**DATA EXCERPTS**.
(* Let $p\ge 1$, $N\ge 1$, let $x_1,\dots,x_N\in\mathbb{R}^p$ be arbitrary, and let $w_1,\dots,w_N>0$ be fixed weights. Let $f:\mathbb{R}^p\to[0,1]$ be PDD. Define the blurring mean-shift iteration by $x_i^{(0)}=x_i$ and $$x_i^{(t+1)}=\frac{\sum_{j=1}^N f(x_i^{(t)}-x_j^{(t)})\,w_j\,x_j^{(t)}}{\sum_{j=1}^N f(x_i^{(t)}-x_j^{(t)})\,w_j},\qquad i=1,\dots,N,\ t\ge 0.$$ Then there exist points $x_1^*,\dots,x_N^*\in\mathbb{R}^p$ such that $\lim_{t\to\infty}x_i^{(t)}=x_i^*$ for every $i=1,\dots,N$.
   Context: A function $f:\mathbb{R}^p\to[0,1]$ is called PDD (positive and decreasing with respect to distance) if: (i) $0\le f(u)\le 1$ for all $u$, and $f(u)=1$ if and only if $u=0$; (ii) $f(u)$ depends only on $\|u\|$, i.e. $f(u)=\varphi(\|u\|)$ for some function $\varphi:[0,\infty)\to[0,1]$; (iii) $\varphi$ is decreasing (non-increasing) in $\|u\|$. The denominators in the iteration are positive since $f(0)=1$ and $w_i>0$. *)

theory Defs
  imports "HOL-Analysis.Analysis"
begin

text \<open>PDD: positive and decreasing with respect to distance.\<close>
definition PDD :: "(real^'p \<Rightarrow> real) \<Rightarrow> bool" where
  "PDD f \<longleftrightarrow>
     (\<forall>u. 0 \<le> f u \<and> f u \<le> 1) \<and>
     (\<forall>u. f u = 1 \<longleftrightarrow> u = 0) \<and>
     (\<exists>\<phi> :: real \<Rightarrow> real.
        (\<forall>u. f u = \<phi> (norm u)) \<and>
        (\<forall>a b. 0 \<le> a \<longrightarrow> a \<le> b \<longrightarrow> \<phi> b \<le> \<phi> a))"

primrec bms :: "(real^'p \<Rightarrow> real) \<Rightarrow> (nat \<Rightarrow> real) \<Rightarrow> nat \<Rightarrow> (nat \<Rightarrow> real^'p)
                 \<Rightarrow> nat \<Rightarrow> nat \<Rightarrow> real^'p" where
  "bms f w N x 0 = x"
| "bms f w N x (Suc t) =
     (\<lambda>i. inverse (\<Sum>j<N. f (bms f w N x t i - bms f w N x t j) * w j) *\<^sub>R
          (\<Sum>j<N. (f (bms f w N x t i - bms f w N x t j) * w j) *\<^sub>R bms f w N x t j))"

end

theory Submission
  imports Defs
begin

text \<open>If \<open>f\<close> vanishes off the origin, every point only sees itself and the iteration is constant.
  Otherwise \<open>f \<ge> \<kappa> > 0\<close> on a ball of radius \<open>r > 0\<close>, and the proof runs as follows.
  (1) The energy \<open>\<Sum>\<^sub>i\<^sub>j w\<^sub>i w\<^sub>j h(\<bar>x\<^sub>i - x\<^sub>j\<bar>\<^sup>2)\<close>, with \<open>h\<close> a concave primitive of \<open>\<phi>(\<surd>\<cdot>)\<close>,
  decreases by at least \<open>4 \<Sum>\<^sub>i w\<^sub>i\<^sup>2 \<bar>displacement\<^sub>i\<bar>\<^sup>2\<close>, so displacements tend to zero.
  (2) Then \<open>F\<^sub>i\<^sub>j \<bar>x\<^sub>i - x\<^sub>j\<bar>\<^sup>2 \<rightarrow> 0\<close>, and each pair either merges (\<open>close\<close>) or stops interacting;
  all interactions and normalisers converge.  (3) Eventually, cluster diameters contract
  geometrically up to the cross-cluster interaction, while a weighted second moment decreases
  by a multiple of that interaction up to a vanishing error.  (4) These coupled recursions make
  diameters and interactions summable, hence displacements summable, hence the iterates converge.\<close>

lemma decreasing_integrable_on:
  fixes g :: "real \<Rightarrow> real"
  assumes dec: "\<And>a b. 0 \<le> a \<Longrightarrow> a \<le> b \<Longrightarrow> g b \<le> g a" and "0 \<le> c"
  shows "g integrable_on {c..d}"
proof -
  have "mono_on {c..d} (\<lambda>x. - g x)"
    using dec assms(2) by (auto simp: mono_on_def)
  then have "(\<lambda>x. - g x) integrable_on {c..d}" by (rule integrable_on_mono_on)
  then show ?thesis using integrable_neg by fastforce
qed

text \<open>The primitive of a decreasing function is concave: it lies below each of its
  tangent lines.  This is the inequality behind the energy decrease of the iteration.\<close>
lemma primitive_of_decreasing_below_tangent:
  fixes g :: "real \<Rightarrow> real"
  assumes dec: "\<And>a b. 0 \<le> a \<Longrightarrow> a \<le> b \<Longrightarrow> g b \<le> g a" and s: "0 \<le> s" and s': "0 \<le> s'"
  shows "integral {0..s'} g \<le> integral {0..s} g + g s * (s' - s)"
proof (cases "s \<le> s'")
  case True
  have "integral {0..s} g + integral {s..s'} g = integral {0..s'} g"
    using True s by (intro Henstock_Kurzweil_Integration.integral_combine decreasing_integrable_on[OF dec]) auto
  moreover have "integral {s..s'} g \<le> integral {s..s'} (\<lambda>_. g s)"
    using s by (intro integral_le decreasing_integrable_on[OF dec]) (auto intro: dec)
  ultimately show ?thesis using True by (simp add: algebra_simps)
next
  case False
  have "integral {0..s'} g + integral {s'..s} g = integral {0..s} g"
    using False s' decreasing_integrable_on[OF dec, where c=0 and d=s]
    by (intro Henstock_Kurzweil_Integration.integral_combine) auto
  moreover have "integral {s'..s} (\<lambda>_. g s) \<le> integral {s'..s} g"
  proof (rule integral_le)
    show "g integrable_on {s'..s}" by (rule decreasing_integrable_on[OF dec s'])
  qed (use s s' False in \<open>auto intro: dec\<close>)
  ultimately show ?thesis using False by (simp add: algebra_simps)
qed

lemma weighted_polarization:
  fixes B :: "nat \<Rightarrow> nat \<Rightarrow> real" and y z :: "nat \<Rightarrow> 'a::real_inner"
  assumes sym: "\<And>i j. i<N \<Longrightarrow> j<N \<Longrightarrow> B i j = B j i"
    and balance: "\<And>i. i<N \<Longrightarrow> (\<Sum>j<N. B i j *\<^sub>R (y i - y j - z i)) = 0"
  shows "(\<Sum>i<N. \<Sum>j<N. B i j * (norm (y i - y j))\<^sup>2)
       - (\<Sum>i<N. \<Sum>j<N. B i j * (norm ((y i - z i) - (y j - z j)))\<^sup>2)
       = (\<Sum>i<N. \<Sum>j<N. B i j * (norm (z i + z j))\<^sup>2)"
proof -
  define p where "p i j = inner (y i - y j - z i) (z i)" for i j
  have pointwise: "(norm (y i - y j))\<^sup>2 - (norm ((y i - z i) - (y j - z j)))\<^sup>2 - (norm (z i + z j))\<^sup>2
        = 2 * p i j + 2 * p j i" for i j
    unfolding p_def by (simp add: power2_norm_eq_inner inner_simps algebra_simps inner_commute)
  have p_sum: "(\<Sum>i<N. \<Sum>j<N. B i j * p i j) = 0"
  proof -
    have "(\<Sum>i<N. \<Sum>j<N. B i j * p i j)
        = (\<Sum>i<N. inner (\<Sum>j<N. B i j *\<^sub>R (y i - y j - z i)) (z i))"
      unfolding p_def by (simp add: inner_sum_left)
    then show ?thesis using balance by simp
  qed
  have p_swap: "(\<Sum>i<N. \<Sum>j<N. B i j * p j i) = (\<Sum>i<N. \<Sum>j<N. B i j * p i j)"
  proof -
    have "(\<Sum>i<N. \<Sum>j<N. B i j * p j i) = (\<Sum>i<N. \<Sum>j<N. B j i * p j i)"
      using sym by (intro sum.cong refl) auto
    also have "\<dots> = (\<Sum>i<N. \<Sum>j<N. B i j * p i j)" by (rule sum.swap)
    finally show ?thesis .
  qed
  have "(\<Sum>i<N. \<Sum>j<N. B i j * (norm (y i - y j))\<^sup>2)
       - (\<Sum>i<N. \<Sum>j<N. B i j * (norm ((y i - z i) - (y j - z j)))\<^sup>2)
       - (\<Sum>i<N. \<Sum>j<N. B i j * (norm (z i + z j))\<^sup>2)
     = (\<Sum>i<N. \<Sum>j<N. B i j * ((norm (y i - y j))\<^sup>2 - (norm ((y i - z i) - (y j - z j)))\<^sup>2
                                   - (norm (z i + z j))\<^sup>2))"
    by (simp add: right_diff_distrib sum_subtractf)
  also have "\<dots> = (\<Sum>i<N. \<Sum>j<N. 2 * (B i j * p i j) + 2 * (B i j * p j i))"
    by (simp only: pointwise) (simp add: algebra_simps)
  also have "\<dots> = 0" by (simp add: sum.distrib sum_distrib_left[symmetric] p_sum p_swap)
  finally show ?thesis by simp
qed

lemma norm_sq_affine_combination:
  fixes c :: "nat \<Rightarrow> real" and y :: "nat \<Rightarrow> 'a::real_inner"
  assumes "(\<Sum>j<N. c j) = 1"
  shows "(norm (\<Sum>j<N. c j *\<^sub>R y j))\<^sup>2 = (\<Sum>j<N. c j * (norm (y j))\<^sup>2)
           - (1/2) * (\<Sum>j<N. \<Sum>l<N. c j * c l * (norm (y j - y l))\<^sup>2)"
proof -
  have cross: "(norm (\<Sum>j<N. c j *\<^sub>R y j))\<^sup>2 = (\<Sum>j<N. \<Sum>l<N. c j * c l * inner (y j) (y l))"
    by (simp add: power2_norm_eq_inner inner_sum_left inner_sum_right sum_distrib_left)
       (subst sum.swap, simp add: mult_ac)
  have left: "(\<Sum>j<N. \<Sum>l<N. c j * c l * (norm (y j))\<^sup>2) = (\<Sum>j<N. c j * (norm (y j))\<^sup>2)"
    by (simp add: sum_distrib_left[symmetric] sum_distrib_right[symmetric] assms mult_ac)
  have right: "(\<Sum>j<N. \<Sum>l<N. c j * c l * (norm (y l))\<^sup>2) = (\<Sum>j<N. c j * (norm (y j))\<^sup>2)"
    using left by (subst sum.swap) (simp add: mult_ac)
  have "(\<Sum>j<N. \<Sum>l<N. c j * c l * (norm (y j - y l))\<^sup>2)
      = (\<Sum>j<N. \<Sum>l<N. c j * c l * (norm (y j))\<^sup>2 + c j * c l * (norm (y l))\<^sup>2
                        - 2 * (c j * c l * inner (y j) (y l)))"
    by (intro sum.cong refl) (simp add: power2_norm_eq_inner inner_simps inner_commute algebra_simps)
  also have "\<dots> = 2 * (\<Sum>j<N. c j * (norm (y j))\<^sup>2) - 2 * (norm (\<Sum>j<N. c j *\<^sub>R y j))\<^sup>2"
    by (simp only: sum.distrib sum_subtractf cross left right sum_distrib_left[symmetric])
  finally show ?thesis by linarith
qed

text \<open>For a nonnegative symmetric matrix with zero diagonal, the full double sum is at least
  twice any single row sum (row \<open>i\<close> and column \<open>i\<close> are disjoint parts of it).\<close>
lemma double_sum_ge_twice_row:
  fixes g :: "nat \<Rightarrow> nat \<Rightarrow> real"
  assumes i: "i < N" and nonneg: "\<And>j l. j < N \<Longrightarrow> l < N \<Longrightarrow> 0 \<le> g j l"
    and sym: "\<And>j l. g j l = g l j" and diag: "g i i = 0"
  shows "2 * (\<Sum>l<N. g i l) \<le> (\<Sum>j<N. \<Sum>l<N. g j l)"
proof -
  have split: "(\<Sum>j<N. \<Sum>l<N. g j l) = (\<Sum>l<N. g i l) + (\<Sum>j\<in>{..<N}-{i}. \<Sum>l<N. g j l)"
    using i by (subst sum.remove[of _ i]) auto
  have "(\<Sum>j\<in>{..<N}-{i}. g j i) \<le> (\<Sum>j\<in>{..<N}-{i}. \<Sum>l<N. g j l)"
    using i nonneg by (intro sum_mono member_le_sum) auto
  moreover have "(\<Sum>l<N. g i l) = g i i + (\<Sum>j\<in>{..<N}-{i}. g i j)"
    using i by (subst sum.remove[of _ i]) auto
  then have "(\<Sum>j\<in>{..<N}-{i}. g j i) = (\<Sum>l<N. g i l)"
    using diag sym by simp
  ultimately show ?thesis using split by simp
qed

lemma coupling_identity:
  fixes \<alpha> \<beta> :: "nat \<Rightarrow> real" and y :: "nat \<Rightarrow> 'a::real_vector"
  assumes "(\<Sum>j<N. \<alpha> j) = M" and "(\<Sum>j<N. \<beta> j) = M"
  shows "M *\<^sub>R ((\<Sum>j<N. \<alpha> j *\<^sub>R y j) - (\<Sum>j<N. \<beta> j *\<^sub>R y j))
       = (\<Sum>j<N. \<Sum>l<N. (\<alpha> j * \<beta> l) *\<^sub>R (y j - y l))"
proof -
  have "(\<Sum>l<N. (\<alpha> j * \<beta> l) *\<^sub>R y j) = M *\<^sub>R (\<alpha> j *\<^sub>R y j)" for j
    by (simp only: scaleR_sum_left[symmetric] sum_distrib_left[symmetric] assms(2)) (simp add: mult.commute)
  then have first: "(\<Sum>j<N. \<Sum>l<N. (\<alpha> j * \<beta> l) *\<^sub>R y j) = M *\<^sub>R (\<Sum>j<N. \<alpha> j *\<^sub>R y j)"
    by (simp add: scaleR_sum_right)
  have "(\<Sum>j<N. (\<alpha> j * \<beta> l) *\<^sub>R y l) = M *\<^sub>R (\<beta> l *\<^sub>R y l)" for l
    by (simp only: scaleR_sum_left[symmetric] sum_distrib_right[symmetric] assms(1)) simp
  then have second: "(\<Sum>j<N. \<Sum>l<N. (\<alpha> j * \<beta> l) *\<^sub>R y l) = M *\<^sub>R (\<Sum>j<N. \<beta> j *\<^sub>R y j)"
    by (subst sum.swap) (simp add: scaleR_sum_right)
  show ?thesis
    by (simp add: scaleR_diff_right sum_subtractf first second)
qed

**WORK TASK**.
Return each line from the entries above that includes "only".

**REPLY**.
   Context: A function $f:\mathbb{R}^p\to[0,1]$ is called PDD (positive and decreasing with respect to distance) if: (i) $0\le f(u)\le 1$ for all $u$, and $f(u)=1$ if and only if $u=0$; (ii) $f(u)$ depends only on $\|u\|$, i.e. $f(u)=\varphi(\|u\|)$ for some function $\varphi:[0,\infty)\to[0,1]$; (iii) $\varphi$ is decreasing (non-increasing) in $\|u\|$. The denominators in the iteration are positive since $f(0)=1$ and $w_i>0$. *)
text \<open>If \<open>f\<close> vanishes off the origin, every point only sees itself and the iteration is constant.
    by (simp only: pointwise) (simp add: algebra_simps)
    by (simp only: sum.distrib sum_subtractf cross left right sum_distrib_left[symmetric])
    by (simp only: scaleR_sum_left[symmetric] sum_distrib_left[symmetric] assms(2)) (simp add: mult.commute)
    by (simp only: scaleR_sum_left[symmetric] sum_distrib_right[symmetric] assms(1)) simp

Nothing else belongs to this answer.